Оказалось, что в кооперативе надо, всё-таки что-то делать.
Председатель кооператива популярно объяснил:
– Здесь не государственное предприятие, здесь хоть не много, но работать надо. Причём мы сами себе хозяева: не на государство работаем, а на меня, то есть на себя!
На себя или на него я работал, я так и не понял.
Кооператив, в который я был принят на время учёбы в выпускном классе сына Председателя кооператива, официально предоставлял услуги общественного питания, а неофициально – общественного спаивания. Причём наш кооператив организовывал только коллективные пьянки (юбилеи, похороны, свадьбы, разводы и т. п.). Как объяснил Председатель, индивидуальное питание, осуществляется, как правило, на трезвую голову, а коллективное почти всегда – на пьяную.
– Водка, водка и ещё раз водка, – объяснил своё кредо председатель, – и к концу пьянки посетителей хоть помоями корми, всё равно доволен будет!
То, что присутствие трезвых посетителей в нашем кооперативе нежелательно, я понял по тому, что всем работникам кооператива Председатель настоятельно рекомендовал даже не пробовать то, что готовится в кооперативе. Можно или нет пробовать спиртные напитки, которые были в кооперативе, Председатель не говорил и, поэтому, все мы их пробовали, благо их было много и доставались они бесплатно. Бесплатными они были потому, что их поставка в качестве паевого взноса осуществлялась бывшим таксистом, выгнанным из таксопарка в годы борьбы с пьянством за работу в качестве винно-водочного магазина на колёсах. Средство доставки у таксиста отобрали, но источник поступления винно-водочных изделий остался.
Когда очередная компания собиралась за столом, то первым на стол выставлялись именно спиртные напитки и торжественно объявлялось, что они в оплату не входят. К концу попойки этого торжественного объявления уже никто не помнил.
На весь район председатель кооператива смог отыскать только одну повариху из колхозной столовой, которая не растаскивала продукты и при этом могла готовить что то относительно съедобное. Она и готовила то, что первым подавалось на стол и съедалось ещё относительно трезвыми посетителями.
Изобилие спиртного промышленного производства делало посетителей менее разборчивыми и поэтому они уже не реагировали на то, что подавалось после сравнительно съедобного на стол.

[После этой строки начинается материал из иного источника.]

lemma feasible_move:
  assumes "feasible n a b xiL xiN sw2 eps Pmax dlo dhi thlo P dw th"
    and "0 < a" "0 < b" "xiL \<le> 0" "xiN \<le> 0" "0 < sw2" "0 < dlo"
    and "dw \<le> dw'" "dw' \<le> dhi" "thlo \<le> th'" "th' \<le> th"
  shows "feasible n a b xiL xiN sw2 eps Pmax dlo dhi thlo P dw' th'"
proof -
  have "D01 n a b xiL xiN sw2 P dw' th' \<le> D01 n a b xiL xiN sw2 P dw th"
    using assms unfolding feasible_def by (intro D01_antimono) auto
  then show ?thesis using assms unfolding feasible_def by auto
qed

lemma better_position:
  assumes "0 \<le> thlo" "dhi \<le> L * cos thlo" "0 < dw" "dw \<le> dhi" "dhi < L"
    "thlo \<le> th" "th \<le> pi / 2" "\<not> (dw = dhi \<and> dhi \<le> L * cos th)"
  obtains dw' th' where "dw \<le> dw'" "dw' \<le> dhi" "thlo \<le> th'" "th' \<le> th"
    "d_b L dw' th' < d_b L dw th" "sin_elev_b L dw th \<le> sin_elev_b L dw' th'"
proof (cases "dhi \<le> L * cos th")
  case True
  with assms have "dw < dhi" by auto
  moreover have "0 \<le> sin th" using assms by (intro sin_ge_zero) auto
  ultimately show ?thesis
    using assms True d_b_decreasing[of dw dhi L th] sin_elev_b_mono[of dw dhi L th]
    by (intro that[of dhi th]) auto
next
  case False
  define th0 where "th0 = arccos (dhi / L)"
  have L: "0 < L" "\<bar>dhi / L\<bar> \<le> 1" using assms by auto
  have "thlo \<le> th0" "\<not> th \<le> th0"
    unfolding th0_def using assms False L
    by (simp_all add: le_arccos_iff_le_cos pos_divide_le_eq mult.commute)
  moreover have "d_b L dhi th0 < d_b L dw th"
    unfolding th0_def using assms False by (simp add: foot_point d_b_gt_foot)
  moreover have "sin_elev_b L dw th \<le> sin_elev_b L dhi th0"
    unfolding th0_def using assms d_b_pos[of dw L th]
    by (simp add: foot_point sin_elev_b_le_foot sin_ge_zero)
  ultimately show ?thesis using assms by (intro that[of dhi th0]) auto
qed

lemma optimal_imp_boundary:
  assumes "optimal n a b xiL xiN L sb2 sw2 eps Pmax dlo dhi thlo P dw th"
    and "0 < a" "0 < b" "xiL < 0" "xiN \<le> 0" "0 < sb2" "0 < sw2"
    and "0 < dlo" "0 \<le> thlo" "dhi \<le> L * cos thlo" "dhi < L"
  shows "dw = dhi \<and> dhi \<le> L * cos th"
proof (rule ccontr)
  assume not_boundary: "\<not> ?thesis"
  have feas: "feasible n a b xiL xiN sw2 eps Pmax dlo dhi thlo P dw th"
    using assms(1) by (simp add: optimal_def)
  then have "0 < P" "0 < dw" "dw \<le> dhi" "thlo \<le> th" "th \<le> pi / 2"
    using assms by (auto simp: feasible_def)
  then obtain dw' th' where pos: "dw \<le> dw'" "dw' \<le> dhi" "thlo \<le> th'" "th' \<le> th"
    and closer: "d_b L dw' th' < d_b L dw th"
    and higher: "sin_elev_b L dw th \<le> sin_elev_b L dw' th'"
    using better_position[of thlo dhi L dw th] assms not_boundary by blast
  have "feasible n a b xiL xiN sw2 eps Pmax dlo dhi thlo P dw' th'"
    using feasible_move[OF feas] assms pos by auto
  then have "gamma_b a b xiL L sb2 P dw' th' \<le> gamma_b a b xiL L sb2 P dw th"
    using assms(1) by (simp add: optimal_def)
  moreover have "f_ch a b xiL L dw th < f_ch a b xiL L dw' th'"
    using assms pos \<open>0 < dw\<close> \<open>th \<le> pi / 2\<close> closer higher
    by (intro f_ch_less d_b_pos sin_elev_b_nonneg sin_elev_b_le_1 sin_ge_zero) auto
  then have "gamma_b a b xiL L sb2 P dw th < gamma_b a b xiL L sb2 P dw' th'"
    unfolding gamma_b_def using \<open>0 < P\<close> assms
    by (intro divide_strict_right_mono mult_strict_left_mono) auto
  ultimately show False by simp
qed

theorem theorem1:
  fixes L a b xiL xiN sb2 sw2 eps Pm dlo dhi thlo :: real and n :: nat
  assumes "L > 0" and "xiL < 0" and "xiN < 0" and "a > 0" and "b > 0"
    and "sb2 > 0" and "sw2 > 0" and "n > 0" and "eps > 0" and "Pm > 0"
    and "0 < thlo" and "thlo < pi / 2"
    and "0 < dlo" and "dlo < dhi" and "dhi \<le> L * cos thlo" and "L * cos thlo < L / cos thlo"
  shows "\<forall>Pmax \<in> {Some Pm, None}. \<forall>P dw th.
           optimal n a b xiL xiN L sb2 sw2 eps Pmax dlo dhi thlo P dw th \<longrightarrow>
           dw = dhi \<and> thlo \<le> th \<and> th \<le> arccos (dhi / L)"
proof (intro ballI allI impI)
  fix Pmax P dw th
  assume opt: "optimal n a b xiL xiN L sb2 sw2 eps Pmax dlo dhi thlo P dw th"
  have "cos thlo < 1"
    using assms cos_monotone_0_pi[of 0 thlo] by simp
  then have "L * cos thlo < L" using \<open>L > 0\<close> by simp
  then have "dhi < L" using assms by linarith
  then have boundary: "dw = dhi \<and> dhi \<le> L * cos th"
    using optimal_imp_boundary[OF opt] assms by simp
  have "thlo \<le> th" "th \<le> pi / 2"
    using opt by (auto simp: optimal_def feasible_def)
  moreover have "\<bar>dhi / L\<bar> \<le> 1"
    using assms \<open>dhi < L\<close> by auto
  ultimately show "dw = dhi \<and> thlo \<le> th \<and> th \<le> arccos (dhi / L)"
    using boundary assms
    by (simp add: le_arccos_iff_le_cos pos_divide_le_eq mult.commute)
qed

end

А подавалось то, что доставлялось из столовой школы. Сын заведующей столовой тоже состоял в членах кооператива и поставка школьного питания составляла его паевой взнос. То, что готовили в школьной столовой, учителя есть боялись, а школьники ели лишь потому, что этого требовали учителя. Например, там была «котлета – кака политая рыжей бякой» (так это называли сами школьники). Но после ста пятидесяти – двухсот грамм водки и «кака», и «бяка» казались неплохой закуской.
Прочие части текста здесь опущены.